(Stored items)
▼

(* Let $n\geq 5$, let $S$ be the set of all $3$-cycles in $S_n$, and let $CAG_n=\mathrm{Cay}(A_n,S)$. Let $G_e$ be the set of automorphisms of $CAG_n$ fixing the identity vertex $e$. Let $g\in G_e$ and $\alpha,\beta\in S$ (not necessarily distinct). If $\alpha^g=\beta$, then $(\alpha^{-1})^g=\beta^{-1}$.
   Context: For a finite group $\Gamma$ and a subset $T\subseteq\Gamma$ with $e\notin T$ and $T=T^{-1}$, the Cayley graph $\mathrm{Cay}(\Gamma,T)$ is the undirected graph with vertex set $\Gamma$ and edge set $\{\{\gamma,t\gamma\}\mid \gamma\in\Gamma, t\in T\}$. $x^g$ denotes the image of the vertex $x$ under the automorphism $g$. *)

theory Defs
  imports "HOL-Combinatorics.Permutations"
begin

definition sym_grp :: "nat \<Rightarrow> (nat \<Rightarrow> nat) set" where
  "sym_grp n = {p. p permutes {1..n}}"

definition alt_grp :: "nat \<Rightarrow> (nat \<Rightarrow> nat) set" where
  "alt_grp n = {p. p permutes {1..n} \<and> evenperm p}"

definition three_cycle :: "nat \<Rightarrow> nat \<Rightarrow> nat \<Rightarrow> nat \<Rightarrow> nat" where
  "three_cycle a b c = (\<lambda>x. if x = a then b else if x = b then c else if x = c then a else x)"

definition three_cycles :: "nat \<Rightarrow> (nat \<Rightarrow> nat) set" where
  "three_cycles n = {three_cycle a b c | a b c.
      a \<in> {1..n} \<and> b \<in> {1..n} \<and> c \<in> {1..n} \<and> a \<noteq> b \<and> b \<noteq> c \<and> a \<noteq> c}"

definition cay_adj :: "('a \<Rightarrow> 'a) set \<Rightarrow> ('a \<Rightarrow> 'a) \<Rightarrow> ('a \<Rightarrow> 'a) \<Rightarrow> bool" where
  "cay_adj T x y \<longleftrightarrow> (\<exists>t\<in>T. y = t \<circ> x \<or> x = t \<circ> y)"

definition cay_aut_fix_e ::
  "('a \<Rightarrow> 'a) set \<Rightarrow> ('a \<Rightarrow> 'a) set \<Rightarrow> (('a \<Rightarrow> 'a) \<Rightarrow> ('a \<Rightarrow> 'a)) set" where
  "cay_aut_fix_e Gamma T = {g. bij_betw g Gamma Gamma
      \<and> (\<forall>x\<in>Gamma. \<forall>y\<in>Gamma. cay_adj T x y \<longleftrightarrow> cay_adj T (g x) (g y))
      \<and> g id = id}"

end

theory Submission
  imports Defs
begin

text \<open>The identity, a 3-cycle \<alpha> and \<alpha>\<inverse> = \<alpha> \<circ> \<alpha> form a triangle of the Cayley graph
  without a common neighbour. An automorphism g fixing e maps it to a triangle e, \<beta>, y with
  y a 3-cycle adjacent to \<beta>. Unless y = \<beta>\<inverse>, the 3-cycles y and \<beta> share an oriented pair
  of points, and then (since n \<ge> 5) such a triangle does have a common neighbour,
  contradicting the invariance of common neighbours under g.\<close>

lemma three_cycle_rotate:
  "distinct [a, b, c] \<Longrightarrow> three_cycle a b c = three_cycle b c a"
  by (auto simp: three_cycle_def fun_eq_iff)

lemma three_cycle_as_transpositions:
  "distinct [a, b, c] \<Longrightarrow> three_cycle a b c = transpose a b \<circ> transpose b c"
  by (auto simp: three_cycle_def fun_eq_iff transpose_def)

lemma three_cycle_comp_self:
  "distinct [a, b, c] \<Longrightarrow> three_cycle a b c \<circ> three_cycle a b c = three_cycle c b a"
  by (auto simp: three_cycle_def fun_eq_iff)

lemma inv_three_cycle:
  "distinct [a, b, c] \<Longrightarrow> inv (three_cycle a b c) = three_cycle c b a"
  by (rule inv_unique_comp) (auto simp: three_cycle_def fun_eq_iff)

lemma three_cyclesE:
  assumes "t \<in> three_cycles n"
  obtains a b c where "t = three_cycle a b c" "distinct [a, b, c]"
    "a \<in> {1..n}" "b \<in> {1..n}" "c \<in> {1..n}"
  using assms unfolding three_cycles_def by auto

lemma three_cyclesI:
  "\<lbrakk>distinct [a, b, c]; a \<in> {1..n}; b \<in> {1..n}; c \<in> {1..n}\<rbrakk>
    \<Longrightarrow> three_cycle a b c \<in> three_cycles n"
  unfolding three_cycles_def by auto

lemma three_cycles_subset_alt_grp: "three_cycles n \<subseteq> alt_grp n"
proof
  fix t assume "t \<in> three_cycles n"
  then obtain a b c where t: "t = three_cycle a b c" "distinct [a, b, c]"
    and "a \<in> {1..n}" "b \<in> {1..n}" "c \<in> {1..n}"
    by (rule three_cyclesE)
  then have "transpose a b \<circ> transpose b c permutes {1..n}"
    by (intro permutes_compose permutes_swap_id) auto
  moreover have "evenperm (transpose a b \<circ> transpose b c)"
    using t(2) by (simp add: evenperm_comp permutation_swap_id evenperm_swap)
  ultimately show "t \<in> alt_grp n"
    using t three_cycle_as_transpositions by (simp add: alt_grp_def)
qed

lemma inv_in_three_cycles: "t \<in> three_cycles n \<Longrightarrow> inv t \<in> three_cycles n"
  by (erule three_cyclesE) (simp add: inv_three_cycle three_cyclesI)

lemma bij_three_cycle: "t \<in> three_cycles n \<Longrightarrow> bij t"
  using three_cycles_subset_alt_grp[of n] by (auto simp: alt_grp_def permutes_bij)

lemma cay_adj_iff_left_mult:
  assumes "\<And>t. t \<in> T \<Longrightarrow> bij t" and "\<And>t. t \<in> T \<Longrightarrow> inv t \<in> T"
  shows "cay_adj T x z \<longleftrightarrow> (\<exists>s\<in>T. z = s \<circ> x)"
proof
  assume "cay_adj T x z"
  then obtain t where t: "t \<in> T" "z = t \<circ> x \<or> x = t \<circ> z"
    unfolding cay_adj_def by blast
  have "z = inv t \<circ> x" if "x = t \<circ> z"
    using that assms(1)[OF t(1)] by (simp add: o_assoc bij_is_inj)
  then show "\<exists>s\<in>T. z = s \<circ> x"
    using t assms(2) by blast
qed (auto simp: cay_adj_def)

lemma cay_adj_three_cycles_iff:
  "cay_adj (three_cycles n) x z \<longleftrightarrow> (\<exists>s\<in>three_cycles n. z = s \<circ> x)"
  by (rule cay_adj_iff_left_mult) (simp_all add: bij_three_cycle inv_in_three_cycles)

definition has_common_neighbour ::
  "('a \<Rightarrow> 'a) set \<Rightarrow> ('a \<Rightarrow> 'a) set \<Rightarrow> ('a \<Rightarrow> 'a) \<Rightarrow> ('a \<Rightarrow> 'a) \<Rightarrow> ('a \<Rightarrow> 'a) \<Rightarrow> bool" where
  "has_common_neighbour Gamma T x y w \<longleftrightarrow>
    (\<exists>z\<in>Gamma. cay_adj T x z \<and> cay_adj T y z \<and> cay_adj T w z)"

lemma has_common_neighbour_aut_iff:
  assumes g: "g \<in> cay_aut_fix_e Gamma T" and "x \<in> Gamma" "y \<in> Gamma" "w \<in> Gamma"
  shows "has_common_neighbour Gamma T (g x) (g y) (g w) \<longleftrightarrow> has_common_neighbour Gamma T x y w"
proof -
  have bij: "bij_betw g Gamma Gamma"
    and adj: "\<And>u v. u \<in> Gamma \<Longrightarrow> v \<in> Gamma \<Longrightarrow> cay_adj T u v \<longleftrightarrow> cay_adj T (g u) (g v)"
    using g unfolding cay_aut_fix_e_def by auto
  have "has_common_neighbour Gamma T (g x) (g y) (g w) \<longleftrightarrow>
      (\<exists>z\<in>g ` Gamma. cay_adj T (g x) z \<and> cay_adj T (g y) z \<and> cay_adj T (g w) z)"
    using bij by (simp add: has_common_neighbour_def bij_betw_imp_surj_on)
  also have "\<dots> \<longleftrightarrow> has_common_neighbour Gamma T x y w"
    using adj assms(2-4) by (auto simp: has_common_neighbour_def)
  finally show ?thesis .
qed

text \<open>Evaluating the functional equations only at the finitely many named points turns both
  lemmas below into quantifier-free problems over the order on \<open>nat\<close>, which SMT settles.\<close>

lemma three_cycle_not_product_with_both:
  assumes "distinct [a, b, c]" "distinct [p, q, r]" "distinct [u, v, w]" "distinct [u', v', w']"
    and "three_cycle p q r = three_cycle u v w \<circ> three_cycle a b c"
  shows "three_cycle p q r \<noteq> three_cycle u' v' w' \<circ> three_cycle c b a"
proof
  assume "three_cycle p q r = three_cycle u' v' w' \<circ> three_cycle c b a"
  then have "\<forall>x\<in>{a, b, c, p, q, r, u, v, w, u', v', w'}.
      three_cycle p q r x = three_cycle u v w (three_cycle a b c x) \<and>
      three_cycle p q r x = three_cycle u' v' w' (three_cycle c b a x)"
    using assms(5) by (simp add: fun_eq_iff)
  then show False
    using assms(1-4) unfolding three_cycle_def
    by (simp only: ball_simps distinct.simps list.set insert_iff empty_iff) (smt (z3))
qed

lemma three_cycle_comp_three_cycle_cases:
  assumes "distinct [a, b, c]" "distinct [p, q, r]" "distinct [u, v, w]"
    and "three_cycle p q r = three_cycle u v w \<circ> three_cycle a b c"
  shows "three_cycle p q r = three_cycle c b a
    \<or> (\<exists>d. d \<notin> {a, b, c} \<and> (three_cycle p q r = three_cycle a b d
        \<or> three_cycle p q r = three_cycle b c d \<or> three_cycle p q r = three_cycle c a d))"
proof -
  have "\<forall>x\<in>{a, b, c, p, q, r, u, v, w}.
      three_cycle p q r x = three_cycle u v w (three_cycle a b c x)"
    using assms(4) by (simp add: fun_eq_iff)
  then have "(p = c \<and> q = b \<and> r = a \<or> q = c \<and> r = b \<and> p = a \<or> r = c \<and> p = b \<and> q = a)
    \<or> (r \<notin> {a, b, c} \<and> (p = a \<and> q = b \<or> p = b \<and> q = c \<or> p = c \<and> q = a))
    \<or> (p \<notin> {a, b, c} \<and> (q = a \<and> r = b \<or> q = b \<and> r = c \<or> q = c \<and> r = a))
    \<or> (q \<notin> {a, b, c} \<and> (r = a \<and> p = b \<or> r = b \<and> p = c \<or> r = c \<and> p = a))"
    using assms(1-3) unfolding three_cycle_def
    by (simp only: ball_simps distinct.simps list.set insert_iff empty_iff) (smt (z3))
  moreover have "three_cycle p q r = three_cycle q r p" "three_cycle p q r = three_cycle r p q"
    using assms(2) three_cycle_rotate[of p q r] three_cycle_rotate[of q r p] by auto
  ultimately show ?thesis
    by (elim disjE conjE) blast+
qed

lemma no_common_neighbour_three_cycle_inverse:
  assumes "\<alpha> \<in> three_cycles n"
  shows "\<not> has_common_neighbour (alt_grp n) (three_cycles n) id \<alpha> (inv \<alpha>)"
proof
  obtain a b c where \<alpha>: "\<alpha> = three_cycle a b c" "distinct [a, b, c]"
    using assms by (rule three_cyclesE)
  assume "has_common_neighbour (alt_grp n) (three_cycles n) id \<alpha> (inv \<alpha>)"
  then obtain t0 t1 t2 where "t0 \<in> three_cycles n" "t1 \<in> three_cycles n" "t2 \<in> three_cycles n"
    and "t0 = t1 \<circ> \<alpha>" "t0 = t2 \<circ> inv \<alpha>"
    unfolding has_common_neighbour_def cay_adj_three_cycles_iff by (metis comp_id)
  then show False
    using \<alpha> by (elim three_cyclesE)
      (metis three_cycle_not_product_with_both inv_three_cycle)
qed

lemma common_neighbour_three_cycles_sharing_pair:
  assumes n: "n \<ge> 5" and abc: "distinct [a, b, c]" "a \<in> {1..n}" "b \<in> {1..n}" "c \<in> {1..n}"
    and d: "d \<in> {1..n}" "d \<notin> {a, b, c}"
  shows "has_common_neighbour (alt_grp n) (three_cycles n) id (three_cycle a b c) (three_cycle a b d)"
proof -
  have "\<not> {1..5} \<subseteq> {a, b, c, d}"
  proof
    assume "{1..5} \<subseteq> {a, b, c, d}"
    then have "card {1..5::nat} \<le> card (set [a, b, c, d])" by (intro card_mono) auto
    also have "\<dots> \<le> 4" using card_length[of "[a, b, c, d]"] by simp
    finally show False by simp
  qed
  then obtain f where "f \<in> {1..5}" and f: "f \<notin> {a, b, c, d}"
    by blast
  with n have "f \<in> {1..n}" by simp
  let ?z = "three_cycle a b f"
  have "?z = three_cycle a c f \<circ> three_cycle a b c" "?z = three_cycle a d f \<circ> three_cycle a b d"
    using f abc d by (auto simp: three_cycle_def fun_eq_iff)
  moreover have "?z \<in> three_cycles n" "three_cycle a c f \<in> three_cycles n"
    "three_cycle a d f \<in> three_cycles n"
    using \<open>f \<in> {1..n}\<close> f abc d by (auto intro!: three_cyclesI)
  ultimately show ?thesis
    using three_cycles_subset_alt_grp
    unfolding has_common_neighbour_def cay_adj_three_cycles_iff by (metis comp_id subsetD)
qed

lemma common_neighbour_adjacent_three_cycles:
  assumes n: "n \<ge> 5" and \<beta>: "\<beta> \<in> three_cycles n" and y: "y \<in> three_cycles n"
    and adj: "cay_adj (three_cycles n) \<beta> y" and ne: "y \<noteq> inv \<beta>"
  shows "has_common_neighbour (alt_grp n) (three_cycles n) id \<beta> y"
proof -
  obtain a b c where abc: "\<beta> = three_cycle a b c" "distinct [a, b, c]"
    "a \<in> {1..n}" "b \<in> {1..n}" "c \<in> {1..n}"
    using \<beta> by (rule three_cyclesE)
  obtain p q r where pqr: "y = three_cycle p q r" "distinct [p, q, r]"
    "p \<in> {1..n}" "q \<in> {1..n}" "r \<in> {1..n}"
    using y by (rule three_cyclesE)
  obtain s where s: "s \<in> three_cycles n" "y = s \<circ> \<beta>"
    using adj by (auto simp: cay_adj_three_cycles_iff)
  obtain u v w where uvw: "s = three_cycle u v w" "distinct [u, v, w]"
    using s(1) by (rule three_cyclesE)
  have "y = three_cycle c b a \<or> (\<exists>d. d \<notin> {a, b, c} \<and>
      (y = three_cycle a b d \<or> y = three_cycle b c d \<or> y = three_cycle c a d))"
    using three_cycle_comp_three_cycle_cases[OF abc(2) pqr(2) uvw(2)] pqr(1) s(2) uvw(1) abc(1)
    by simp
  moreover have "y \<noteq> three_cycle c b a"
    using ne abc(1,2) by (simp add: inv_three_cycle)
  ultimately obtain d where d: "d \<notin> {a, b, c}"
    and y_cases: "y = three_cycle a b d \<or> y = three_cycle b c d \<or> y = three_cycle c a d"
    by blast
  have "y d \<noteq> d"
    using y_cases d abc(2) by (auto simp: three_cycle_def)
  then have "d \<in> {1..n}"
    using pqr by (auto simp: three_cycle_def split: if_splits)
  have rotations: "\<beta> = three_cycle b c a" "\<beta> = three_cycle c a b"
    using abc three_cycle_rotate[of a b c] three_cycle_rotate[of b c a] by auto
  from y_cases show ?thesis
  proof (elim disjE)
    assume "y = three_cycle a b d"
    then show ?thesis
      using common_neighbour_three_cycles_sharing_pair[OF n abc(2-5) \<open>d \<in> {1..n}\<close>] d abc(1)
      by simp
  next
    assume "y = three_cycle b c d"
    then show ?thesis
      using common_neighbour_three_cycles_sharing_pair[OF n _ abc(4,5,3) \<open>d \<in> {1..n}\<close>]
        d abc(2) rotations by auto
  next
    assume "y = three_cycle c a d"
    then show ?thesis
      using common_neighbour_three_cycles_sharing_pair[OF n _ abc(5,3,4) \<open>d \<in> {1..n}\<close>]
        d abc(2) rotations by auto
  qed
qed

theorem lemma3p3:
  fixes n :: nat and g :: "(nat \<Rightarrow> nat) \<Rightarrow> (nat \<Rightarrow> nat)" and \<alpha> \<beta> :: "nat \<Rightarrow> nat"
  assumes "n \<ge> 5"
    and "g \<in> cay_aut_fix_e (alt_grp n) (three_cycles n)"
    and "\<alpha> \<in> three_cycles n" and "\<beta> \<in> three_cycles n"
    and "g \<alpha> = \<beta>"
  shows "g (inv \<alpha>) = inv \<beta>"
proof (rule ccontr)
  let ?T = "three_cycles n" and ?A = "alt_grp n"
  assume ne: "g (inv \<alpha>) \<noteq> inv \<beta>"
  have adj: "\<And>x y. x \<in> ?A \<Longrightarrow> y \<in> ?A \<Longrightarrow> cay_adj ?T x y \<longleftrightarrow> cay_adj ?T (g x) (g y)"
    and gid: "g id = id"
    using assms(2) unfolding cay_aut_fix_e_def by auto
  have inv\<alpha>: "inv \<alpha> \<in> ?T" using assms(3) by (rule inv_in_three_cycles)
  have A: "id \<in> ?A" "\<alpha> \<in> ?A" "inv \<alpha> \<in> ?A"
    using assms(3) inv\<alpha> three_cycles_subset_alt_grp by (auto simp: alt_grp_def)
  have "inv \<alpha> = \<alpha> \<circ> \<alpha>"
    using assms(3) by (elim three_cyclesE) (simp add: inv_three_cycle three_cycle_comp_self)
  then have "cay_adj ?T id (inv \<alpha>)" "cay_adj ?T \<alpha> (inv \<alpha>)"
    using assms(3) inv\<alpha> unfolding cay_adj_three_cycles_iff by auto
  then have "cay_adj ?T id (g (inv \<alpha>))" "cay_adj ?T \<beta> (g (inv \<alpha>))"
    using adj A gid assms(5) by auto
  moreover from this(1) have "g (inv \<alpha>) \<in> ?T"
    by (auto simp: cay_adj_three_cycles_iff)
  ultimately have "has_common_neighbour ?A ?T id \<beta> (g (inv \<alpha>))"
    using common_neighbour_adjacent_three_cycles[OF assms(1,4) _ _ ne] by blast
  then have "has_common_neighbour ?A ?T id \<alpha> (inv \<alpha>)"
    using has_common_neighbour_aut_iff[OF assms(2) A] gid assms(5) by simp
  then show False
    using no_common_neighbour_three_cycle_inverse[OF assms(3)] by contradiction
qed

end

▲

PROBLEM DETAILS:
From the data above, show each line that contains "forall".

RESULT:
      \<and> (\<forall>x\<in>Gamma. \<forall>y\<in>Gamma. cay_adj T x y \<longleftrightarrow> cay_adj T (g x) (g y))
  then have "\<forall>x\<in>{a, b, c, p, q, r, u, v, w, u', v', w'}.
  have "\<forall>x\<in>{a, b, c, p, q, r, u, v, w}.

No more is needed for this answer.